5 Questions: Reproductive biologist thriving at the intersection of biomedical science and agriculture

5 Questions: Reproductive biologist thriving at the intersection of biomedical science and agriculture
5 Questions: Reproductive biologist thriving at the intersection of biomedical science and agriculture

This week’s 5 Questions Friday features Matthew Dean, assistant professor in the Department of Animal Sciences. Dean's group studies the female reproductive system, with the goal of improving fertility in both humans and livestock.

What motivates you in your work?

The biggest motivator is curiosity. I want to know how things work. I love coming with new hypotheses that we can test in the lab. That way, we can move research forward. Another motivator is a desire to make discoveries that help society. The research in my lab is very basic, but I hope it leads to improvements in the fertility of both humans and livestock species.  

What do you like about working in ACES and why did you choose to come here?

There are several reasons why I chose U of I and ACES. First, my research interests include both biomedical and animal agriculture-related questions. I think our animal science department is one of the best in that respect. I love that my colleagues study everything from cancer to animal nutrition.
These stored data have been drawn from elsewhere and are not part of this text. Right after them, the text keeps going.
(* Fix constants $\gamma\in(0,1]$, $c_1>0$, $K\ge1$, $K'\ge1$. There exists $L_0$ depending only on these constants such that the following holds for every $L\ge L_0$. Let $d_0,\dots,d_L$ be positive integers, $X\in\mathbb{R}^{d_0\times n}$, $Y\in\mathbb{R}^{d_L\times n}$ with $K^{-1}\le\|X\|_F\le K$ and $K^{-1}\le\|Y\|_F\le K$, and let $\alpha>0$, $\sigma_1,\dots,\sigma_L>0$ satisfy $\beta:=\alpha\prod_{i=1}^L(\sqrt{d_i}\sigma_i)\le L^K$. Let $\ell(W_1,\dots,W_L)=\frac12\|\alpha W_L\cdots W_1X-Y\|_F^2$ for $W_i\in\mathbb{R}^{d_i\times d_{i-1}}$. Suppose matrices $W_1,\dots,W_L$ are such that $A_i=W_i/(\sqrt{d_i}\sigma_i)$ satisfy $\|A_{j:i}\|\le K'L^3$ for all $1\le i\le j\le L$ and $\|A_{j:i}\|\le K'e^{-c_1L^\gamma}$ for all $1\le i\le j\le L$ with $j-i\ge L/4$, where $A_{j:i}=A_j\cdots A_i$ and $A_{i-1:i}=I$. Then $$0.4\|Y\|_F^2<\ell(W_1,\dots,W_L)<0.6\|Y\|_F^2,\qquad \|\nabla_{W_i}\ell(W_1,\dots,W_L)\|\le(\sqrt{d_i}\sigma_i)^{-1}e^{-0.9c_1L^\gamma}\ \ \forall i\in[L].$$
   Context: $\|\cdot\|$ is the spectral norm, $\|\cdot\|_F$ the Frobenius norm; $[L]=\{1,\dots,L\}$. *)

theory Defs
  imports Complex_Main "Jordan_Normal_Form.Matrix"
begin

definition vnorm :: "real vec \<Rightarrow> real" where
  "vnorm v = sqrt (\<Sum>k<dim_vec v. (v $ k)^2)"

definition frob_norm :: "real mat \<Rightarrow> real" where
  "frob_norm M = sqrt (\<Sum>a<dim_row M. \<Sum>b<dim_col M. (M $$ (a,b))^2)"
Secondly, my wife is also a scientist, so we needed a university where we both could thrive. We felt like there were lots of opportunities here for her as well. Finally, we liked the Champaign Urbana area. Everyone is so kind, both on and off-campus. When we came here for my interview, it felt like a place we would want to live.  

When did you know you wanted to be a professor?
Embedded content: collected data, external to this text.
(* For $w>0$, as an identity of formal power series in $z$, \[\mathrm{DAG}(z,w,u)=1+\frac{\mathcal H(z,w,u)}{1-\mathcal H\!\left(z,w,\frac w{1+w}\right)},\qquad\text{where }\ \mathcal H(z,w,u)=z\int_0^u \mathrm{DAG}\!\left(\frac z{1+w},w,t\right)dt.\]
   Context: For a labelled DAG $G$ (directed acyclic graph on vertex set $\{1,\dots,n\}$, $n\ge0$), $v(G),e(G),s(G)$ denote its numbers of vertices, edges and sources (vertices of in-degree $0$). $\mathrm{DAG}(z,w,u)=\sum_G \frac{z^{v(G)}w^{e(G)}u^{s(G)}}{(1+w)^{\binom{v(G)}{2}}v(G)!}$, summed over all labelled DAGs. (It is known that $\mathrm{DAG}(z,w,u)=\mathrm{Set}((u-1)z,w)/\mathrm{Set}(-z,w)$ with $\mathrm{Set}(z,w)=\sum_{n\ge0}\frac{z^n}{(1+w)^{\binom n2}n!}$.) *)

theory Defs
  imports "HOL-Analysis.Analysis" "HOL-Computational_Algebra.Formal_Power_Series"
begin

definition dags :: "nat \<Rightarrow> (nat \<times> nat) set set" where
  "dags n = {E. E \<subseteq> {1..n} \<times> {1..n} \<and> acyclic E}"

definition sources :: "nat \<Rightarrow> (nat \<times> nat) set \<Rightarrow> nat" where
  "sources n E = card {v \<in> {1..n}. \<not> (\<exists>x. (x, v) \<in> E)}"

text \<open>n-th coefficient (in z) of DAG(z,w,u).\<close>
definition dag_coeff :: "real \<Rightarrow> real \<Rightarrow> nat \<Rightarrow> real" where
  "dag_coeff w u n =
     (\<Sum>E\<in>dags n. w ^ card E * u ^ sources n E) / ((1 + w) ^ (n choose 2) * fact n)"

definition DAG_fps :: "real \<Rightarrow> real \<Rightarrow> real fps" where
  "DAG_fps w u = Abs_fps (dag_coeff w u)"

text \<open>H(z,w,u) = z * integral_0^u DAG(z/(1+w), w, t) dt, integrated coefficientwise.\<close>
definition H_fps :: "real \<Rightarrow> real \<Rightarrow> real fps" where
  "H_fps w u = fps_X * Abs_fps (\<lambda>n.
     LBINT t=ereal 0..ereal u. fps_nth (DAG_fps w t oo (fps_const (1 / (1 + w)) * fps_X)) n)"

end

theory Submission
  imports Defs
begin

text \<open>
  Deleting a set \<open>S\<close> of sources from a DAG on \<open>V\<close> leaves a DAG on \<open>V - S\<close> together with an
  arbitrary set of edges from \<open>S\<close> to \<open>V - S\<close>. Expanding \<open>(x + 1)\<close> to the number of sources
  as a sum over sets of sources therefore gives \<open>DAG(z, w, x + 1) = Set(x z, w) DAG(z, w, 1)\<close>.
  At \<open>x = -1\<close> the left side is \<open>DAG(z, w, 0) = 1\<close>, because every nonempty DAG has a source, so
  \<open>DAG(z, w, u) = Set((u - 1) z, w) / Set(-z, w)\<close>. Since the coefficients of \<open>Set(x z, w)\<close>
  satisfy \<open>d/dx Set(x z, w) = z Set(x z / (1 + w), w)\<close>, integration in \<open>u\<close> gives
  \<open>H(z, w, u) = (Set((u - 1) z, w) - Set(-z, w)) DAG(z / (1 + w), w, 1)\<close>, and the theorem
  reduces to an identity between these power series.
\<close>

unbundle no vec_syntax
unbundle fps_syntax

definition dags_on :: "'a set \<Rightarrow> ('a \<times> 'a) set set" where
  "dags_on V = {E. E \<subseteq> V \<times> V \<and> acyclic E}"

definition sources_of :: "'a set \<Rightarrow> ('a \<times> 'a) set \<Rightarrow> 'a set" where
  "sources_of V E = {v \<in> V. \<nexists>x. (x, v) \<in> E}"

definition dag_weight :: "real \<Rightarrow> real \<Rightarrow> 'a set \<Rightarrow> real" where
  "dag_weight w y V = (\<Sum>E\<in>dags_on V. w ^ card E * y ^ card (sources_of V E))"

lemma dag_coeff_eq_dag_weight:
  "dag_coeff w y n = dag_weight w y {1..n} / ((1 + w) ^ (n choose 2) * fact n)"
  by (simp add: dag_coeff_def dag_weight_def dags_def dags_on_def sources_def sources_of_def)

lemma finite_dags_on: "finite V \<Longrightarrow> finite (dags_on V)"
  by (rule finite_subset[of _ "Pow (V \<times> V)"]) (auto simp: dags_on_def)

lemma sources_of_nonempty:
  assumes "finite V" "V \<noteq> {}" "E \<in> dags_on V"
  shows "sources_of V E \<noteq> {}"
proof -
  have sub: "E \<subseteq> V \<times> V" and "acyclic E" using assms(3) by (auto simp: dags_on_def)
  moreover have "finite E" using sub assms(1) finite_subset by blast
  ultimately have "wf E" using finite_acyclic_wf by blast
  then obtain z where "z \<in> V" "\<forall>y. (y, z) \<in> E \<longrightarrow> y \<notin> V"
    using assms(2) wf_eq_minimal by (metis ex_in_conv)
  then have "z \<in> sources_of V E" using sub unfolding sources_of_def by blast
  then show ?thesis by blast
qed

lemma acyclic_Un_edges_from_sources:
  assumes "acyclic E" and no_entry: "Domain F \<inter> Range (E \<union> F) = {}"
  shows "acyclic (E \<union> F)"
proof (rule acyclicI, intro allI notI)
  have path: "(x, y) \<in> E\<^sup>+" if "(x, y) \<in> (E \<union> F)\<^sup>+" "x \<notin> Domain F" for x y
    using that
  proof (induction rule: trancl_induct)
    case (step y z)
    then have "y \<in> Range (E \<union> F)" by (metis Range.intros trancl_range)
    then have "y \<notin> Domain F" using no_entry by blast
    then have "(y, z) \<in> E" using step.hyps(2) by blast
    then show ?case using step by (meson trancl.trancl_into_trancl)
  qed blast
  fix x assume cycle: "(x, x) \<in> (E \<union> F)\<^sup>+"
  then have "x \<in> Range (E \<union> F)" by (metis Range.intros trancl_range)
  then have "x \<notin> Domain F" using no_entry by blast
  then show False using path cycle \<open>acyclic E\<close> unfolding acyclic_def by blast
qed

lemma dags_with_sources_bij:
  assumes "S \<subseteq> V"
  shows "bij_betw (\<lambda>(E, F). E \<union> F) (dags_on (V - S) \<times> Pow (S \<times> (V - S)))
           {E \<in> dags_on V. S \<subseteq> sources_of V E}"
proof (rule bij_betw_byWitness[where f' = "\<lambda>E. (E \<inter> (V - S) \<times> (V - S), E \<inter> S \<times> (V - S))"])
  show "\<forall>p \<in> dags_on (V - S) \<times> Pow (S \<times> (V - S)).
      (\<lambda>E. (E \<inter> (V - S) \<times> (V - S), E \<inter> S \<times> (V - S))) ((\<lambda>(E, F). E \<union> F) p) = p"
    unfolding dags_on_def by blast
  show "\<forall>E \<in> {E \<in> dags_on V. S \<subseteq> sources_of V E}.
      (\<lambda>(E, F). E \<union> F) (E \<inter> (V - S) \<times> (V - S), E \<inter> S \<times> (V - S)) = E"
    unfolding dags_on_def sources_of_def by blast
  show "(\<lambda>(E, F). E \<union> F) ` (dags_on (V - S) \<times> Pow (S \<times> (V - S)))
      \<subseteq> {E \<in> dags_on V. S \<subseteq> sources_of V E}"
  proof (rule image_subsetI)
    fix p assume "p \<in> dags_on (V - S) \<times> Pow (S \<times> (V - S))"
    then obtain E F where p: "p = (E, F)" and E: "E \<subseteq> (V - S) \<times> (V - S)" "acyclic E"
      and F: "F \<subseteq> S \<times> (V - S)"
      by (auto simp: dags_on_def)
    then have "acyclic (E \<union> F)" by (intro acyclic_Un_edges_from_sources) blast+
    then show "(\<lambda>(E, F). E \<union> F) p \<in> {E \<in> dags_on V. S \<subseteq> sources_of V E}"
      unfolding p using E F assms by (auto simp: dags_on_def sources_of_def)
  qed
  show "(\<lambda>E. (E \<inter> (V - S) \<times> (V - S), E \<inter> S \<times> (V - S))) ` {E \<in> dags_on V. S \<subseteq> sources_of V E}
      \<subseteq> dags_on (V - S) \<times> Pow (S \<times> (V - S))"
    by (auto simp: dags_on_def intro: acyclic_subset)
qed

lemma sum_Pow_power_card:
  fixes x :: "'a::comm_semiring_1"
  assumes "finite A"
  shows "(\<Sum>B\<in>Pow A. x ^ card B) = (x + 1) ^ card A"
proof -
  have "(x + 1) ^ card A = (\<Prod>a\<in>A. x + 1)" by simp
  also have "\<dots> = (\<Sum>B\<in>Pow A. (\<Prod>a\<in>B. x) * (\<Prod>a\<in>A - B. 1))" by (rule prod_add[OF assms])
  finally show ?thesis by simp
qed

lemma sum_Pow_by_card:
  fixes f :: "nat \<Rightarrow> 'a::comm_semiring_1"
  assumes "finite V"
  shows "(\<Sum>S\<in>Pow V. f (card S)) = (\<Sum>k\<le>card V. of_nat (card V choose k) * f k)"
proof -
  have "(\<Sum>S\<in>Pow V. f (card S)) = (\<Sum>k\<le>card V. \<Sum>S | S \<in> Pow V \<and> card S = k. f (card S))"
    by (rule sum.group[symmetric]) (use assms in \<open>auto intro: card_mono\<close>)
  also have "\<dots> = (\<Sum>k\<le>card V. of_nat (card V choose k) * f k)"
  proof (rule sum.cong[OF refl])
    fix k
    have "card {S. S \<in> Pow V \<and> card S = k} = card V choose k"
      using n_subsets[OF assms] by simp
    then show "(\<Sum>S | S \<in> Pow V \<and> card S = k. f (card S)) = of_nat (card V choose k) * f k"
      by simp
  qed
  finally show ?thesis .
qed

lemma sum_dags_with_sources:
  assumes "finite V" "S \<subseteq> V"
  shows "(\<Sum>E | E \<in> dags_on V \<and> S \<subseteq> sources_of V E. w ^ card E)
       = dag_weight w 1 (V - S) * (1 + w) ^ (card S * card (V - S))"
proof -
  have fin: "finite S" "finite (V - S)" using assms finite_subset by auto
  have "(\<Sum>E | E \<in> dags_on V \<and> S \<subseteq> sources_of V E. w ^ card E)
      = (\<Sum>p\<in>dags_on (V - S) \<times> Pow (S \<times> (V - S)). w ^ card ((\<lambda>(E, F). E \<union> F) p))"
    using sum.reindex_bij_betw[OF dags_with_sources_bij[OF assms(2)], of "\<lambda>E. w ^ card E"] by simp
  also have "\<dots> = (\<Sum>(E, F)\<in>dags_on (V - S) \<times> Pow (S \<times> (V - S)). w ^ card E * w ^ card F)"
  proof (rule sum.cong[OF refl])
    fix p assume "p \<in> dags_on (V - S) \<times> Pow (S \<times> (V - S))"
    then obtain E F where p: "p = (E, F)" and E: "E \<subseteq> (V - S) \<times> (V - S)" and F: "F \<subseteq> S \<times> (V - S)"
      by (auto simp: dags_on_def)
    moreover from E F fin have "finite E" "finite F" by (auto intro: finite_subset)
    moreover from E F have "E \<inter> F = {}" by blast
    ultimately show "w ^ card ((\<lambda>(E, F). E \<union> F) p) = (\<lambda>(E, F). w ^ card E * w ^ card F) p"
      by (simp add: card_Un_disjoint power_add)
  qed
  also have "\<dots> = (\<Sum>E\<in>dags_on (V - S). w ^ card E) * (\<Sum>F\<in>Pow (S \<times> (V - S)). w ^ card F)"
    unfolding sum_product sum.cartesian_product by (simp add: case_prod_beta)
  also have "\<dots> = dag_weight w 1 (V - S) * (1 + w) ^ (card S * card (V - S))"
    using fin by (simp add: dag_weight_def sum_Pow_power_card card_cartesian_product add.commute)
  finally show ?thesis .
qed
I've always known I wanted to be a teacher. My bachelor's degree is in Agricultural and Environmental Education. By the time I graduated, I knew I did not want to teach high school, and I thought that I wanted to be an Extension agent. That led to a master's degree in Animal Science. That was my first experience with research, and I loved it. After that, I knew I wanted to do a Ph.D. so that I could have my own research lab someday.
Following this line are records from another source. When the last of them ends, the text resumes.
(* Let $T>0$, let $h:(0,\infty)\to(0,\infty)$ be bounded with $\lim_{u\to0^+}h(u)=\lim_{u\to+\infty}h(u)=0$, and let $A\in C^1([0,T]\times(0,1)^n;\mathbb S(n))$ satisfy $|A_{ij}(s,\mu)|\le(\mu^i+\mu^j)h(\mu^j/\mu^i)$ for all $(i,j)\in\mathbb E$ and $(s,\mu)\in[0,T]\times(0,1)^n$. There exists a constant $K>1$, depending only on $n$, $\omega_{\min}$, $\omega_{\max}$ and $h$, such that the following holds. Let $\epsilon>0$, $\mu\in\mathcal P_\epsilon(\mathbb G)$, $t_0\in(0,T]$, and let $\rho\in C^1([0,t_0];(0,1)^n)$ be a classical solution of $\dot\rho(s)=\nabla_{\mathbb G}\cdot A(s,\rho(s))+\Delta_{\mathbb G}\rho(s)$, $\rho(0)=\mu$. If $\delta\in(0,\epsilon/K)$, $i_0\in\{1,\dots,n\}$, and $t_0$ is the first time such that $\rho_{i_0}(t_0)=\delta$, then $$\min_{s\in[0,t_0]}\rho_i(s)\le K\delta\qquad\text{for all }i\in\{1,\dots,n\}.$$
   Context: $\mathbb G=(\mathbb V,\mathbb E,\omega)$: finite, connected, simple undirected graph, $\mathbb V=\{1,\dots,n\}$, edges ordered pairs with $(i,j)\in\mathbb E\iff(j,i)\in\mathbb E$, symmetric weights $\omega_{ij}>0$ iff $(i,j)\in\mathbb E$; $\omega_{\min},\omega_{\max}$ the min/max edge weights. $\mathbb S(n)$: skew-symmetric $n\times n$ matrices. $(\nabla_{\mathbb G}\cdot m)^i=\sum_{j\ne i}\sqrt{\omega_{ij}}m^{ji}$; $(\Delta_{\mathbb G}u)^i=\sum_j\omega_{ij}(u^j-u^i)$. $\mathcal P_\epsilon(\mathbb G)$: probability vectors in $\mathbb R^n$ with all entries $>\epsilon$. $\rho_i$ denotes the $i$-th component. *)

theory Defs
  imports "HOL-Analysis.Analysis"
begin

text \<open>Vertices of the graph are the elements of a finite type 'n (so n = CARD('n)).
  Edge weights are w :: 'n => 'n => real, with w i j > 0 iff (i,j) is an edge.\<close>

definition weighted_graph :: "('n::finite \<Rightarrow> 'n \<Rightarrow> real) \<Rightarrow> bool" where
  "weighted_graph w \<longleftrightarrow>
     (\<forall>i j. w i j \<ge> 0) \<and> (\<forall>i j. w i j = w j i) \<and> (\<forall>i. w i i = 0) \<and>
     (\<forall>i j. (\<lambda>a b. w a b > 0)\<^sup>*\<^sup>* i j)"

definition edge_weights :: "('n::finite \<Rightarrow> 'n \<Rightarrow> real) \<Rightarrow> real set" where
  "edge_weights w = {w i j | i j. w i j > 0}"

definition omega_min :: "('n::finite \<Rightarrow> 'n \<Rightarrow> real) \<Rightarrow> real" where
  "omega_min w = Min (edge_weights w)"

definition omega_max :: "('n::finite \<Rightarrow> 'n \<Rightarrow> real) \<Rightarrow> real" where
  "omega_max w = Max (edge_weights w)"

definition graph_div :: "('n::finite \<Rightarrow> 'n \<Rightarrow> real) \<Rightarrow> real^'n^'n \<Rightarrow> real^'n" where
  "graph_div w m = (\<chi> i. \<Sum>j\<in>UNIV - {i}. sqrt (w i j) * m $ j $ i)"

definition graph_lap :: "('n::finite \<Rightarrow> 'n \<Rightarrow> real) \<Rightarrow> real^'n \<Rightarrow> real^'n" where
  "graph_lap w u = (\<chi> i. \<Sum>j\<in>UNIV. w i j * (u $ j - u $ i))"

definition P_eps :: "real \<Rightarrow> (real^'n::finite) set" where
  "P_eps eps = {x. (\<Sum>i\<in>UNIV. x $ i) = 1 \<and> (\<forall>i. x $ i > eps)}"

definition open_cube :: "(real^'n::finite) set" where
  "open_cube = {x. \<forall>i. 0 < x $ i \<and> x $ i < 1}"

definition C1_on :: "'a::real_normed_vector set \<Rightarrow> ('a \<Rightarrow> 'b::real_normed_vector) \<Rightarrow> bool" where
  "C1_on S f \<longleftrightarrow> (\<exists>f'. (\<forall>x\<in>S. (f has_derivative blinfun_apply (f' x)) (at x within S))
                        \<and> continuous_on S f')"

end

theory Submission
  imports Defs
begin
What's it like working with students who are finding their way in the world?

It is both the best and scariest part of my job. Watching students learn about science, think critically, and build confidence is awesome. It is even better when it helps them take the next step in their career, whether that be grad school, vet school, a job, or something else. The scary part is that sometimes students ask me for advice. Graduate school doesn't train you for that. I try to be honest and stress that everyone's path is different. In the end, they have to make these big decisions for themselves. I also think it is important to connect students to people with diverse careers to help them make their own decisions.


What do you like to do when you're not working?

I try to spend time as much time with my daughter as possible. She is just over a year old, and it is incredible how fast she is growing, learning, and changing. She learned to walk recently, and now she is all over. She loves to be outside, so we try to let her spend time in the backyard or at the park as much as possible. Otherwise, I also like to be outdoors. I like to hike and camp, which is hard to do with a toddler! But my wife and I try to go hiking as much as we can.